Do you cut right through the plastic foundation with this? Do you heat the metal to assist going through the plastic? What did you use to sharpen it...I have a grinder but it wouldn't work for a small circle.


----------



## kilocharlie (Dec 27, 2010)

No, Just down to the plastic. You could warm it up a bit with a candle, but don't kill the queen in the cell....


----------



## WBVC (Apr 25, 2013)

kilocharlie said:


> No, Just down to the plastic. You could warm it up a bit with a candle, but don't kill the queen in the cell....


Oh..so you don't cut right through the plastic foundation? Just down to it and then scrape off the cell? I would have thought one would cut right through the foundation so as not risk opening the cell.


----------



## kilocharlie (Dec 27, 2010)

Cutting through plastic foundation wouldn't be a bad idea, I hadn't thought of it. Accomplishing that without hurting a 10-day queen cell would be a bit of a difficult trick, I'd suppose. I'll give that a try.

Sometimes removing them away from the plastic foundation does open the cell in the back, but if you are _*very careful*_ with your grafting spoon, a sharpened wooden tounge depressor, or a forged flat and bent nail, or whatever scraping tool you prefer, it does not hurt them. (At $25 per queen these days, don't worry too much about damaging the comb around the QC, but DON'T DAMAGE THE QUEEN CELL). Adhere a small piece of foundation onto the opening and very carefully cover it with a "hair roller"-type queen cell protector, or your incubator queen cell hatching jar or cage. 

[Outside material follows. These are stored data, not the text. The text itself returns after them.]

(* Let $J\ge1$ and let $\gamma\subset\mathbb R^2$ be a locally rectifiable curve joining $x$ to $y$, where $x,y\in\mathbb R^2$. Then $car(\gamma,J)$ is a $J$-carrot John domain (with center $y$). More precisely, for every $z\in car(\gamma,J)$ there exist a rectifiable curve $\gamma_z$ joining $z$ to $y$ and a point $\eta\in\gamma$ such that $\gamma[\eta,y]=\gamma_z[\eta,y]$ and, for each $a\in\gamma[\eta,y]$, $$\ell(\gamma_z[z,a])\le\ell(\gamma[x,a]),\qquad car(\gamma_z,J)\subset car(\gamma,J).$$
   Context: For a curve $\gamma$ and points $p,q\in\gamma$, $\gamma[p,q]$ denotes the subcurve joining $p$ to $q$ and $\ell(\cdot)$ the Euclidean length. For a curve $\gamma$ starting at a point $v$ (its vertex), the $J$-carrot is $car(\gamma,J):=\bigcup\{B(w,\ell(\gamma[v,w])/J): w\in\gamma\setminus\{v\}\}$; thus $car(\gamma,J)$ has vertex $x$ and $car(\gamma_z,J)$ has vertex $z$. A domain $D$ is a $J$-carrot John domain with center $y$ if every point $p\in D$ can be joined to $y$ by a curve $\beta\subset D$ with $car(\beta,J)\subset D$. *)

theory Defs
  imports "HOL-Analysis.Analysis"
begin

definition polygonal_sums :: "(real \<Rightarrow> 'a::metric_space) \<Rightarrow> real \<Rightarrow> real \<Rightarrow> real set" where
  "polygonal_sums g a b =
     {(\<Sum>i<n. dist (g (p (Suc i))) (g (p i))) | n p.
        p 0 = a \<and> p n = b \<and> (\<forall>i<n. p i \<le> p (Suc i))}"

definition curve_length :: "(real \<Rightarrow> 'a::metric_space) \<Rightarrow> real \<Rightarrow> real \<Rightarrow> real" where
  "curve_length g a b = Sup (polygonal_sums g a b)"

definition rectifiable_on :: "(real \<Rightarrow> 'a::metric_space) \<Rightarrow> real \<Rightarrow> real \<Rightarrow> bool" where
  "rectifiable_on g a b \<longleftrightarrow> bdd_above (polygonal_sums g a b)"

definition rectifiable_path :: "(real \<Rightarrow> 'a::real_normed_vector) \<Rightarrow> bool" where
  "rectifiable_path g \<longleftrightarrow> path g \<and> rectifiable_on g 0 1"

definition locally_rectifiable_path :: "(real \<Rightarrow> 'a::real_normed_vector) \<Rightarrow> bool" where
  "locally_rectifiable_path g \<longleftrightarrow>
     path g \<and> (\<forall>a b. 0 \<le> a \<and> a \<le> b \<and> b \<le> 1 \<longrightarrow> rectifiable_on g a b)"

definition carrot :: "(real \<Rightarrow> 'a::real_normed_vector) \<Rightarrow> real \<Rightarrow> 'a set" where
  "carrot g J = \<Union> {ball (g t) (curve_length g 0 t / J) | t. t \<in> {0..1} \<and> g t \<noteq> g 0}"

definition john_carrot_domain :: "'a::real_normed_vector set \<Rightarrow> real \<Rightarrow> 'a \<Rightarrow> bool" where
  "john_carrot_domain D J y \<longleftrightarrow> open D \<and> connected D \<and>
     (\<forall>p\<in>D. \<exists>\<beta>. path \<beta> \<and> pathstart \<beta> = p \<and> pathfinish \<beta> = y \<and>
        path_image \<beta> \<subseteq> D \<and> carrot \<beta> J \<subseteq> D)"

end

theory Submission
  imports Defs
begin

(* For z in the carrot pick t with |z - g t| < l(g[0,t])/J and let gamma_z run along the
   segment [z, g t] and then along g from g t to y. On the segment, the balls of car(gamma_z)
   stay inside B(g t, l(g[0,t])/J) because J >= 1; on the common tail, gamma_z is shorter than g
   by l(g[0,t]) - |z - g t| > 0, so its balls lie in the corresponding balls of car(g).
   The one subtlety is a parameter where g is back at its vertex: that ball is excluded from the
   definition of the carrot, but it is exhausted by admissible balls centred at earlier points of g
   close to the vertex, so it still lies in the carrot. *)

lemma less_if_less_divide_ge_one:
  fixes a b J :: real
  assumes "1 \<le> J" "0 \<le> a" "a < b / J"
  shows "a < b"
proof -
  have "0 < b / J" using assms(2,3) by linarith
  then have "b / J \<le> b / 1"
    using assms(1) by (intro divide_left_mono) (auto simp: zero_less_divide_iff)
  with assms(3) show ?thesis by simp
qed
text \<open>\<open>\<bbbF>\<^sub>q[\<ell>]\<close>-linearity: the terms with \<open>j + 2r - d\<^sub>1 < 2r\<close> drop out by the previous lemma.\<close>

lemma trace_coeff_FL_linear:
  assumes f: "f \<in> Pk k" and a: "\<And>m d. m < n \<Longrightarrow> eval_comp a m d = c d"
  shows "trace_coeff g (a * f) j = (\<Sum>d1\<le>j. c d1 * trace_coeff g f (j - d1))"
proof -
  define S where "S s = (\<Sum>m<n. eval_comp (g * f) m s)" for s
  have "trace_coeff g (a * f) j = (\<Sum>m<n. \<Sum>d1\<le>j + 2 * r. c d1 * eval_comp (g * f) m (j + 2 * r - d1))"
    unfolding trace_coeff_def by (intro sum.cong refl) (simp add: mult.left_commute[of g] eval_comp_mult a)
  also have "\<dots> = (\<Sum>d1\<le>j + 2 * r. c d1 * S (j + 2 * r - d1))"
    unfolding S_def by (subst sum.swap) (simp add: sum_distrib_left)
  also have "\<dots> = (\<Sum>d1\<le>j. c d1 * S (j + 2 * r - d1))"
    using trace_g_mult_below[OF f] by (intro sum.mono_neutral_right) (auto simp: S_def)
  also have "\<dots> = (\<Sum>d1\<le>j. c d1 * trace_coeff g f (j - d1))"
    by (intro sum.cong refl) (simp add: S_def trace_coeff_def)
  finally show ?thesis .
qed

lemma is_FL_hom_trace_hom: "is_FL_hom k n v L (trace_hom g)"
  unfolding is_FL_hom_def
proof (intro conjI ballI impI)
  fix f :: "'a mpoly" assume "f \<in> Pk k"
  show "trace_hom g f \<in> FLs"
    by (rule FL_intro[where M = "max_deg (g * f)" and c = "trace_coeff g f"])
      (auto simp: trace_hom_Pk, simp_all add: trace_hom_def eval_comp_L_poly)
next
  fix f f' :: "'a mpoly" assume "f - f' \<in> I"
  then show "trace_hom g f - trace_hom g f' \<in> I"
    by (intro diff_in_vanish_ideal trace_hom_Pk) (simp add: eval_comp_trace_hom trace_coeff_cong)
next
  fix f f' :: "'a mpoly"
  show "trace_hom g (f + f') - (trace_hom g f + trace_hom g f') \<in> I"
    by (intro diff_in_vanish_ideal trace_hom_Pk Pk_add)
      (simp add: eval_comp_trace_hom eval_comp_add trace_coeff_add)
next
  fix a f :: "'a mpoly" assume a: "a \<in> FLs" and f: "f \<in> Pk k"
  obtain c where c: "\<And>m d. m < n \<Longrightarrow> eval_comp a m d = c d"
    using FL_eval_comp[OF a] by blast
  show "trace_hom g (a * f) - a * trace_hom g f \<in> I"
    by (intro diff_in_vanish_ideal trace_hom_Pk Pk_mult FL_Pk[OF a])
      (simp add: eval_comp_trace_hom trace_coeff_FL_linear[OF f c] eval_comp_mult c)
qed
lemma chain_bound_pow_le_cycle_weight:
  assumes "1 \<le> p" "2 * p \<le> m" "m \<le> n" "r \<ge> 2"
  shows "chain_bound p p (m - p) ^ r * real n ^ ((n - m) * r) \<le> cycle_weight n m p ^ 2 * real n ^ (n * r)"
proof -
  define \<rho> where "\<rho> = m - p"
  have \<rho>: "1 \<le> \<rho>" "p \<le> \<rho>" "m = p + \<rho>" using assms by (auto simp: \<rho>_def)
  have npos: "real n > 0" using assms by simp
  define Y where "Y = chain_bound p p \<rho> / real n ^ m"
  define X where "X = cycle_weight n m p"
  have "layer_bound p \<rho> \<le> real \<rho> ^ \<rho> * exp (real p - real \<rho>)"
  proof -
    have "fact (\<rho> - 1) / fact (p - 1) \<le> real \<rho> ^ \<rho> * exp (real p - real \<rho>) / real p ^ p"
      using fact_quotient_le[of p "\<rho> - p"] \<rho> assms by (simp add: of_nat_diff)
    thus ?thesis using assms unfolding layer_bound_def by (simp add: field_simps)
  qed
  hence "real \<rho> ^ p * layer_bound p \<rho> \<le> real \<rho> ^ m * exp (real p - real \<rho>)"
    using \<rho> mult_left_mono[of _ _ "real \<rho> ^ p"] by (simp add: power_add)
  hence "Y \<le> X" using \<rho> npos
    unfolding Y_def X_def cycle_weight_def chain_bound_def \<rho>_def[symmetric]
    by (simp add: divide_right_mono)
  moreover have "X \<le> 1"
  proof -
    have "real \<rho> ^ m * exp (real p - real \<rho>) \<le> real n ^ m * 1"
      using \<rho> assms by (intro mult_mono power_mono) auto
    thus ?thesis unfolding X_def cycle_weight_def \<rho>_def[symmetric] using npos
      by (simp add: divide_le_eq_1)
  qed
  moreover have "Y \<ge> 0" unfolding Y_def using chain_bound_nonneg by simp
  ultimately have "Y ^ r \<le> X ^ r" "X ^ r \<le> X ^ 2"
    using assms by (auto intro: power_mono power_decreasing)
  hence "Y ^ r \<le> X ^ 2" by linarith
  moreover have "chain_bound p p \<rho> ^ r * real n ^ ((n - m) * r) = Y ^ r * real n ^ (n * r)"
  proof -
    have "real n ^ (n * r) = real n ^ (m * r) * real n ^ ((n - m) * r)"
      using assms by (simp flip: power_add add_mult_distrib)
    thus ?thesis unfolding Y_def using npos
      by (simp add: power_divide power_mult mult.commute)
  qed
  ultimately show ?thesis unfolding X_def \<rho>_def
    by (metis mult_right_mono of_nat_0_le_iff zero_le_power)
qed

For my queen cell hatching cages, I modify the little 50 ml bottles of hard liquor that the drunks leave along the bike path near my bee yard. I rinse them to remove the alcohol smell. An 11/16" metal tube tool burns a hole in the side for #8 hardware cloth vent, and in the bottom for a tapered cork. Into these corks, I peg a sawed-off golf tee, to which my artificial queen cell cups are attached with hot wax. I use a #59 drill through the queen cell frame bar and into the middle of the golf tee shaft for a sewing pin to hold the golf tees onto the bar. The advantage is the screw-off cap offers a beekeeper-controlled release that she can walk out of, or I can remove the cork and golf tee-mounted cell, and get her out quickly, if need be. A very small mason jar should also work, and you should add a dab of queen candy for after she hatches.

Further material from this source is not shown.